Multiagent dynamics. How do models behave in extended multi-agent interactions? We have long focused on conflict as a major risk factor for s-risk, and developing expertise in measuring how AI systems behave in negotiations could be valuable for understanding these risks. In long interactions between multiple agents, systems have the potential to draw each other far off-distribution from where safety training took place, which may help us understand how personas generalize in these conditions
AI for strategy research. How do we get (future) AI assistants to usefully contribute to macrostrategy research or other kinds of non-empirical research? One plausible path to impact for CLR involves us leveraging human-level AI research assistants to make substantial progress on our research agendas. While we expect AI companies to continue to invest effort into creating excellent AI research engineers, we think developing assistants that can contribute to conceptual and strategic research will be more neglected.
We will finalize our choice of research direction in Q1 2025, based on tractability assessments, team fit, and opportunities for external collaboration.
Strategic readiness research
Alongside the capacity-building agenda, we will continue work on understanding how and when to develop and push for technical interventions.

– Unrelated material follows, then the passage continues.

(* Let $T$ be a tree of diameter $d$ on $n$ vertices with maximum Wiener index. Let $x$ be a special vertex of $T$ and let $T_1,T_2$ be components of $T-x$ such that each of them contains exactly one broom vertex of $T$ and $d(y,y')<d$ for all leaves $y\in V(T_1)$, $y'\in V(T_2)$. Let $y_1\in V(T_1)$, $y_2\in V(T_2)$ be leaves of $T$, $y_1'$ the broom vertex adjacent to $y_1$, $p=d(x,y_1)=d(x,y_2)$, and $t_i$ the number of leaves of $T$ in $T_i$ ($i\in\{1,2\}$). Let $T'=T_2\xrightarrow{T} y_1'$. Then $W(T)\geq W(T')$ if and only if $$t_1-1\geq \frac{p(3n+5-12t_2-10p)}{12(p+t_2-1)}.$$
   Context: All graphs are finite and simple; $d(u,v)$ denotes distance and $W(G)=\sum_{\{u,v\}\subseteq V(G)} d(u,v)$ is the Wiener index. A tree $T$ of order $n$ and diameter $d$ has maximum Wiener index if $W(T')\leq W(T)$ for every tree $T'$ of order $n$ and diameter $d$. A leaf is a vertex of degree $1$; a broom vertex of $T$ is a vertex adjacent to a leaf of $T$. A vertex $x$ of a tree $T$ of diameter $d$ is special if $\deg(x)\geq 3$ and there exist components $T_1,T_2$ of $T-x$ such that each contains exactly one broom vertex of $T$ and $d(y,y')<d$ for all leaves $y\in V(T_1)$, $y'\in V(T_2)$. For such $x,T_1,T_2$ and the broom vertex $y_1'$ of $T_1$, the tree $T_2\xrightarrow{T} y_1'$ is obtained from $T$ by deleting all vertices of $T_2$ and attaching $|V(T_2)|$ new leaves to $y_1'$. *)

theory Defs
  imports Complex_Main
begin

This work will likely involve 'nearcasting' AI progress and interaction with s-risk threat models, scenario planning, and modelling the effects of interventions to identify conditions in which to intervene.
Hiring
We aim to hire three researchers in 2025.
Community building
We will continue select community-building activities:
- Run the fifth iteration of Summer Research Fellowship
- Continue career calls and 1:1 outreach
- Run another iteration of the Foundations Course